Añádase que la hipótesis de una «masa» homogénea de consumidores varía mucho en validez según se proponga en fase de descripción de las estructuras del producto o en fase de investigación sobre las modalidades de fruición. Nos explicaremos: describiendo las estructuras del producto, como en el caso de la página de Steve Canyon, se advierten elementos de un código que claramente emplea el autor pensando en la koiné de los lectores; el autor piensa efectivamente en términos de masa homogénea, y esta presunción psicológica pasa a formar parte de su poética. En este sentido el modelo del hombre-masa no es abstracto, es un dato real que actúa como componente de una intención operativa. El error consiste en emplear el modelo hombre-masa a base de extraer ilaciones teóricas sobre las modalidades de fruición del producto. Ahí el analista comete el primer error metodológico: presume que su análisis de las estructuras ha agotado todos los aspectos del objeto analizado y, lo que es más, ha establecido la única jerarquía posible entre los varios aspectos de fruición. Si luego complica este equívoco mediante el otro, el de considerar el modelo de hombre-masa como negativo, al que no competen las características típicas del hombre lisonjeado por la cultura «superior», la ilación se hace aún más equívoca. Dicho de modo más simple: observar en Steve Canyon el consabido recurso al arquetipo ingenuo de la vamp-hechicera, y suponer que el lector de Steve Canyon sucumbe sin reservas a la fascinación de este arquetipo (dado que tal lector es considerado como hombre-masa dotado de escaso sentido crítico, dirigido inevitablemente por un poder pedagógico contra el que no puede nada, nada en un sentido casi metafísico) significa haber dado por resuelto el problema de antemano. Añádase que el moralista apocalíptico no llega, habitualmente, ni al mero análisis de las estructuras del producto. Más que «leerlo», se niega a leerlo y lo condena como «ilegible»; más que someterlo a juicio, se niega a juzgarlo y lo encuadra en una presunta «totalidad» que hace de partida negativo el producto, totalidad que no entendemos cómo puede haber elaborado sin una confrontación dialéctica de los fenómenos singulares analizados objetivamente.

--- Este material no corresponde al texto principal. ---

(* Let $\Bbbk$ be an algebraically closed field with $\mathrm{char}(\Bbbk)\neq 2$, let $n\ge 1$, and let $\mu=(\mu_{ij})$ with $\mu_{ij}\in\Bbbk^\times$, $\mu_{ij}\mu_{ji}=1$ for all $i,j$, and $\mu_{ii}=1$. Let $S$ be the $\Bbbk$-algebra on generators $z_1,\dots,z_n$ with defining relations $z_jz_i=\mu_{ij}z_iz_j$ for all $i,j$. Let $M_1,\dots,M_n$ be linearly independent $\mu$-symmetric $n\times n$ matrices, let $q_k=\sum_{i,j}(M_k)_{ij}z_iz_j\in S_2$, and assume the quadric system associated to $\{q_1,\dots,q_n\}$ is normalizing and base-point free. Let $A=T(V)/\langle W\rangle$ be the associated graded skew Clifford algebra written as a quadratic algebra, and let $\Gamma=\{(a,b)\in\mathbb P(S_1)\times\mathbb P(S_1): w(a\otimes b)=0\text{ for all }w\in W\}$. Then for $a,b\in S_1\setminus\{0\}$, the quadratic form $ab$ lies in $\mathbb P\big(\sum_{i=1}^n\Bbbk q_i\big)$ if and only if $(a,b)\in\Gamma$.
   Context: A matrix $M\in M(n,\Bbbk)$ is $\mu$-symmetric if $M_{ij}=\mu_{ij}M_{ji}$ for all $i,j$. Let $U\subset T(S_1)_2=S_1\otimes S_1$ be the span of the defining relations $z_j\otimes z_i-\mu_{ij}z_i\otimes z_j$ of $S$, and let $\mathcal V(U)\subset\mathbb P(S_1^* )\times\mathbb P(S_1^* )$ be its zero locus. For $q\in S_2\setminus\{0\}$, $\mathcal V_U(q)=\mathcal V(\hat q)\cap\mathcal V(U)$ where $\hat q$ is any lift of $q$ to $S_1\otimes S_1$. The quadric system associated to $q_1,\dots,q_n$ is their span; it is normalizing if it is spanned by a normalizing sequence in $S$, and base-point free if $\bigcap_k\mathcal V_U(q_k)=\emptyset$. The graded skew Clifford algebra $A=A(\mu,M_1,\dots,M_n)$ is the graded $\Bbbk$-algebra with degree-one generators $x_1,\dots,x_n$ and degree-two generators $y_1,\dots,y_n$ with relations $x_ix_j+\mu_{ij}x_jx_i=\sum_{k}(M_k)_{ij}y_k$ for all $i,j$, together with the existence of a normalizing sequence $\{y_1',\dots,y_n'\}$ spanning $\sum_k\Bbbk y_k$. Under the stated hypotheses, $A$ is a quadratic algebra generated by $x_1,\dots,x_n$: $A=T(V)/\langle W\rangle$ where $V=S_1^*$, $\{x_i\}$ is the dual basis to $\{z_i\}$, and $W\subseteq V\otimes V$ is the space of quadratic relations, spanned by elements $\sum_{i,j}\alpha_{ijm}(x_ix_j+\mu_{ij}x_jx_i)$; its Koszul dual is $T(S_1)/\langle W^\perp\rangle=S/\langle q_1,\dots,q_n\rangle$, where $W^\perp\subseteq S_1\otimes S_1$ is the orthogonal complement of $W$. Here $w(a\otimes b)$ denotes the natural pairing of $w\in V\otimes V$ with $a\otimes b\in S_1\otimes S_1$. *)

theory Defs
  imports Main "HOL-Computational_Algebra.Polynomial"
begin

text \<open>Indices run over 0..n-1 (instead of 1..n). Vectors in S_1 (and in V = S_1^*)
are coefficient functions nat => 'k, only the values at i < n matter.
Tensors in S_1 (x) S_1 and in V (x) V are coefficient matrices nat => nat => 'k.\<close>

definition alg_closed :: "'k::field itself \<Rightarrow> bool" where
  "alg_closed _ \<longleftrightarrow> (\<forall>p :: 'k poly. degree p \<noteq> 0 \<longrightarrow> (\<exists>x. poly p x = 0))"

definition skew_params :: "nat \<Rightarrow> (nat \<Rightarrow> nat \<Rightarrow> 'k::field) \<Rightarrow> bool" where
  "skew_params n \<mu> \<longleftrightarrow> (\<forall>i<n. \<forall>j<n. \<mu> i j \<noteq> 0 \<and> \<mu> i j * \<mu> j i = 1) \<and> (\<forall>i<n. \<mu> i i = 1)"

definition mu_symmetric :: "nat \<Rightarrow> (nat \<Rightarrow> nat \<Rightarrow> 'k::field) \<Rightarrow> (nat \<Rightarrow> nat \<Rightarrow> 'k) \<Rightarrow> bool" where
  "mu_symmetric n \<mu> N \<longleftrightarrow> (\<forall>i<n. \<forall>j<n. N i j = \<mu> i j * N j i)"

definition lin_indep_mats :: "nat \<Rightarrow> (nat \<Rightarrow> nat \<Rightarrow> nat \<Rightarrow> 'k::field) \<Rightarrow> bool" where
  "lin_indep_mats n M \<longleftrightarrow>
     (\<forall>c. (\<forall>i<n. \<forall>j<n. (\<Sum>k<n. c k * M k i j) = 0) \<longrightarrow> (\<forall>k<n. c k = 0))"

text \<open>S is realised (via its PBW basis of ordered monomials z_0^a0 ... z_{n-1}^a{n-1})
as functions from exponent vectors (nat => nat) to 'k with finite support on
monomials in the variables 0..n-1.  Relation z_j z_i = mu_ij z_i z_j.\<close>

definition S_carrier :: "nat \<Rightarrow> ((nat \<Rightarrow> nat) \<Rightarrow> 'k::field) set" where
  "S_carrier n = {f. finite {\<alpha>. f \<alpha> \<noteq> 0} \<and> (\<forall>\<alpha>. f \<alpha> \<noteq> 0 \<longrightarrow> (\<forall>i\<ge>n. \<alpha> i = 0))}"

text \<open>z^alpha z^beta = twist * z^(alpha+beta): each z_j of beta moves left past each z_i of alpha
with i > j, using z_i z_j = mu_ji z_j z_i.\<close>
definition twist :: "nat \<Rightarrow> (nat \<Rightarrow> nat \<Rightarrow> 'k::field) \<Rightarrow> (nat \<Rightarrow> nat) \<Rightarrow> (nat \<Rightarrow> nat) \<Rightarrow> 'k" where
  "twist n \<mu> \<alpha> \<beta> = (\<Prod>i<n. \<Prod>j<i. \<mu> j i ^ (\<alpha> i * \<beta> j))"

definition smult_S :: "nat \<Rightarrow> (nat \<Rightarrow> nat \<Rightarrow> 'k::field) \<Rightarrow> ((nat \<Rightarrow> nat) \<Rightarrow> 'k) \<Rightarrow> ((nat \<Rightarrow> nat) \<Rightarrow> 'k) \<Rightarrow> ((nat \<Rightarrow> nat) \<Rightarrow> 'k)" where
  "smult_S n \<mu> f g = (\<lambda>\<gamma>. \<Sum>\<alpha>\<in>{\<alpha>. \<forall>i. \<alpha> i \<le> \<gamma> i}. f \<alpha> * g (\<lambda>i. \<gamma> i - \<alpha> i) * twist n \<mu> \<alpha> (\<lambda>i. \<gamma> i - \<alpha> i))"

definition zvar :: "nat \<Rightarrow> (nat \<Rightarrow> nat) \<Rightarrow> 'k::field" where
  "zvar i = (\<lambda>\<alpha>. if \<alpha> = (\<lambda>l. if l = i then 1 else 0) then 1 else 0)"

definition linS :: "nat \<Rightarrow> (nat \<Rightarrow> 'k::field) \<Rightarrow> (nat \<Rightarrow> nat) \<Rightarrow> 'k" where
  "linS n a = (\<lambda>\<alpha>. \<Sum>i<n. a i * zvar i \<alpha>)"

Parcialmente legítimo, pues, en fase de descripción estructural, el concepto de «masa» se hace equívoco en fase de investigación sobre las modalidades de fruición. En este punto, la única finalidad de la investigación debe ser establecer en qué medida las fruiciones se diferencian, según los diversos tipos de estratificación psicológica, cultural, social, biológica. El precedente análisis de estructuras sirve en esta fase como hipótesis de trabajo.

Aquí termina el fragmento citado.